Запрещение церковной молитвы за усопших-инославных необходимо будто бы для надлежащего утверждения в среде верующих их церковного самосознания. «В церкви Христовой, представляющей собою не беспорядочное сборище верующих, но совершенно особого рода коллективную величину, – то, что называется persona moralis, – непременно должно быть свое специфическое самосознание, без которого она неизбежно обречена будет пагубной атомистике и постепенному разложению. Стало быть, верующие православной церкви должны приложить все силы к поддержанию и к возвращению своего церковного самосознания, дорожить своим церковным единством и не «передвигать межи давней, которую провели наши отцы» (Притч.22:23). «Эта «межа» решительно необходима как для того, чтобы мы возможно лучше знали себя самих, так и для точного отличия нас от других, инославных собратий наших, верующих во Христа Спасителя.
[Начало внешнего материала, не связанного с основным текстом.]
lemma compressed_op_power_eq:
  assumes \<Theta>: "inner_fun \<Theta>" and \<phi>: "inner_fun \<phi>" and h: "h \<in> H2"
  shows "\<exists>w\<in>H2. (compressed_op \<Theta> \<phi> ^^ n) h = (\<lambda>z. \<phi> z ^ n * h z + \<Theta> z * w z)"
proof (induction n)
  case 0
  show ?case by (rule bexI[of _ "\<lambda>z. 0"]) (simp_all add: zero_in_H2)
next
  case (Suc n)
  then obtain w where w: "w \<in> H2"
    and power_n: "(compressed_op \<Theta> \<phi> ^^ n) h = (\<lambda>z. \<phi> z ^ n * h z + \<Theta> z * w z)"
    by blast
  have "(\<lambda>z. \<phi> z * (\<phi> z ^ n * h z + \<Theta> z * w z)) \<in> H2"
    using w by (intro mult_inner_fun_in_H2 add_in_H2 power_mult_inner_fun_in_H2 \<phi> \<Theta> h)
  then obtain W where W: "W \<in> H2" and proj:
    "compressed_op \<Theta> \<phi> (\<lambda>z. \<phi> z ^ n * h z + \<Theta> z * w z)
      = (\<lambda>z. \<phi> z * (\<phi> z ^ n * h z + \<Theta> z * w z) - \<Theta> z * W z)"
    unfolding compressed_op_def using model_proj_eq_diff_mult[OF \<Theta>] by blast
  have "(\<lambda>z. \<phi> z * w z - W z) \<in> H2" by (intro diff_in_H2 mult_inner_fun_in_H2 \<phi> w W)
  moreover have "(compressed_op \<Theta> \<phi> ^^ Suc n) h
      = (\<lambda>z. \<phi> z ^ Suc n * h z + \<Theta> z * (\<phi> z * w z - W z))"
    using power_n proj by (simp add: algebra_simps)
  ultimately show ?case by (auto intro!: bexI[of _ "\<lambda>z. \<phi> z * w z - W z"])
qed

lemma h2_inner_power_mult_model_space:
  assumes \<phi>: "inner_fun \<phi>" and g: "g \<in> model_space \<phi>" and "n \<ge> 1"
  shows "h2_inner (\<lambda>z. \<phi> z ^ n * g z) g = 0"
proof -
  obtain m where n: "n = Suc m" using \<open>n \<ge> 1\<close> by (cases n) auto
  have "(\<lambda>z. \<phi> z ^ n * g z) = (\<lambda>z. \<phi> z * (\<phi> z ^ m * g z))" by (simp add: n mult_ac)
  then show ?thesis
    using h2_inner_mult_inner_fun_model_space[OF \<phi> g
        power_mult_inner_fun_in_H2[OF \<phi> model_space_subset_H2[OF g]]]
    by simp
qed

lemma h2_inner_compressed_op_power:
  assumes \<Theta>: "inner_fun \<Theta>" and \<phi>: "inner_fun \<phi>" and h: "h \<in> model_space \<Theta>"
  shows "h2_inner ((compressed_op \<Theta> \<phi> ^^ n) h) h = h2_inner (\<lambda>z. \<phi> z ^ n * h z) h"
proof -
  note h_H2 = model_space_subset_H2[OF h]
  obtain w where w: "w \<in> H2"
    and power: "(compressed_op \<Theta> \<phi> ^^ n) h = (\<lambda>z. \<phi> z ^ n * h z + \<Theta> z * w z)"
    using compressed_op_power_eq[OF \<Theta> \<phi> h_H2] by blast
  have "h2_inner ((compressed_op \<Theta> \<phi> ^^ n) h) h
      = h2_inner (\<lambda>z. \<phi> z ^ n * h z) h + h2_inner (\<lambda>z. \<Theta> z * w z) h"
    unfolding power by (rule h2_inner_add_left[OF power_mult_inner_fun_in_H2[OF \<phi> h_H2]
          mult_inner_fun_in_H2[OF \<Theta> w] h_H2])
  also have "h2_inner (\<lambda>z. \<Theta> z * w z) h = 0"
    by (rule h2_inner_mult_inner_fun_model_space[OF \<Theta> h w])
  finally show ?thesis by simp
qed

theorem theorem6p4:
  fixes \<Theta> \<phi> I :: "complex \<Rightarrow> complex"
  assumes "inner_fun \<Theta>" and "inner_fun \<phi>" and "inner_fun I"
    and "\<forall>z\<in>ball 0 1. \<Theta> z = \<phi> z * I z"
  shows "\<forall>h. (\<exists>v g. g \<in> model_space \<phi> \<and> inner_divisor v I \<and> h = (\<lambda>z. v z * g z))
            \<and> h2_inner h h = 1 \<longrightarrow>
          (\<forall>n\<ge>1. h2_inner ((compressed_op \<Theta> \<phi> ^^ n) h) h = 0)"
proof (intro allI impI)
  fix h and n :: nat
  assume "(\<exists>v g. g \<in> model_space \<phi> \<and> inner_divisor v I \<and> h = (\<lambda>z. v z * g z)) \<and> h2_inner h h = 1"
  then obtain v g where g: "g \<in> model_space \<phi>" and v: "inner_divisor v I"
    and h: "h = (\<lambda>z. v z * g z)"
    by blast
  assume "n \<ge> 1"
  have h_K: "h \<in> model_space \<Theta>"
    unfolding h by (rule inner_divisor_mult_in_model_space[OF assms(4,2) v g])
  have v_inner: "inner_fun v" using v by (simp add: inner_divisor_def)
  note g_H2 = model_space_subset_H2[OF g]
  have "h2_inner ((compressed_op \<Theta> \<phi> ^^ n) h) h
      = h2_inner (\<lambda>z. v z * (\<phi> z ^ n * g z)) (\<lambda>z. v z * g z)"
    unfolding h2_inner_compressed_op_power[OF assms(1,2) h_K] unfolding h by (simp add: mult_ac)
  also have "\<dots> = h2_inner (\<lambda>z. \<phi> z ^ n * g z) g"
    using power_mult_inner_fun_in_H2[OF assms(2) g_H2] g_H2
    by (intro h2_inner_mult_inner_fun[OF v_inner] H2_holomorphic H2_square_summable)
  also have "\<dots> = 0"
    by (rule h2_inner_power_mult_model_space[OF assms(2) g \<open>n \<ge> 1\<close>])
  finally show "h2_inner ((compressed_op \<Theta> \<phi> ^^ n) h) h = 0" .
qed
Высказывая эти соображения, мы далеки от угождения нетерпимому в христианстве фанатизму, а только выражаем голос католической церкви, повелительно раздающийся за каждой литургией в известном обращении: «оглашенные, изыдите»! В богослужении есть моменты, в которые могут и должны быть только одни верующие, и кроме них никого другого”…(42) «Недаром и церковь Христова именуется иногда, как «civitas» Dei, члены которого суть полноправные граждане Божьего царства, являются первенцами из всех других граждан и потому не должны продавать своего первородства за чечевичную похлебку. Естественно, поэтому каждый член церкви обязан возрастить в себе истинно-христианский, православно-церковный корпоративный дух и, не забывая долга любви к ближним, твердо держать в своих руках церковное знамя» (43).

Вполне соглашаясь с автором относительно необходимости утверждения среди верующих крепкого православно-церковного самосознания, я склонен лишь думать, что «межу», несомненно потребную, он проводит не совсем там, где следует. Отстаивая запрещение молитвы за инославных усопших, автор в то же время говорит об обязанности каждого члена церкви взрастить в себе истинно-христианский дух и не забывать долга любви к ближним, тогда как именно это запрещение и не мирится с истинно-христианским и с заповедью Господа о любви к ближним. Естественно возникает вопрос: следует ли проводить такую «межу», которая стоит в противоречии с основами истинно-христианской церковной жизни и будет ли воспитываемый подобными «межами» «православно-церковный корпоративный дух» истинно-христианским? Автор ссылается на голос католической церкви, повелительно возглашающий «оглашеннии, изыдите!», но, мне думается, этот голос не в его пользу говорит, а указывает лишь ту истинную «межу», которой нам следует держаться. Церковь удаляет оглашенных из храма тогда, когда наступает время совершения таинства, но она не устраняет их совершенно от молитвы. Возглашая при приближении момента таинства: «оглашении, изыдите», она за тех же оглашенных молится, приглашая всех предстоящих верующих: «вернии о оглашенных помолимся, да Господь помилует их». Общение в таинствах – вот та межа, которая указывается нам самой церковью и которая должна отделять христиан православных от всех других исповеданий. Не допуская инославных к такому общению, мы в то же время не должны забывать общехристианский долг любви и, во имя этой любви, можем и обязаны молиться за своих, хотя бы и заблуждающихся, ближних, как живых, так и умерших, «да Господь помилует их». В разъяснение и подтверждение мысли своей автор приводит примеры разных корпораций, ассоциаций, ученых и промышленных обществ и т. п., которые строго охраняют свои корпоративные межи, не дозволяя проникнуть внутрь их никому, кроме своих полноправных членов (44); но такая строгость не мешает однако этим обществам выразить иногда свое сочувствие каким-либо посторонним научным или общественным деятелям, или «почтить вставанием» каких-либо умерших, хотя и не принадлежавших к числу их членов. Если мы молимся за усопших инославных, то это не значит, конечно, что мы принимаем их в полное церковное общение и приравниваем к полноправным членам православной церкви; мы воздаем им лишь ту дань любви, какую должны воздавать всем своим ближним.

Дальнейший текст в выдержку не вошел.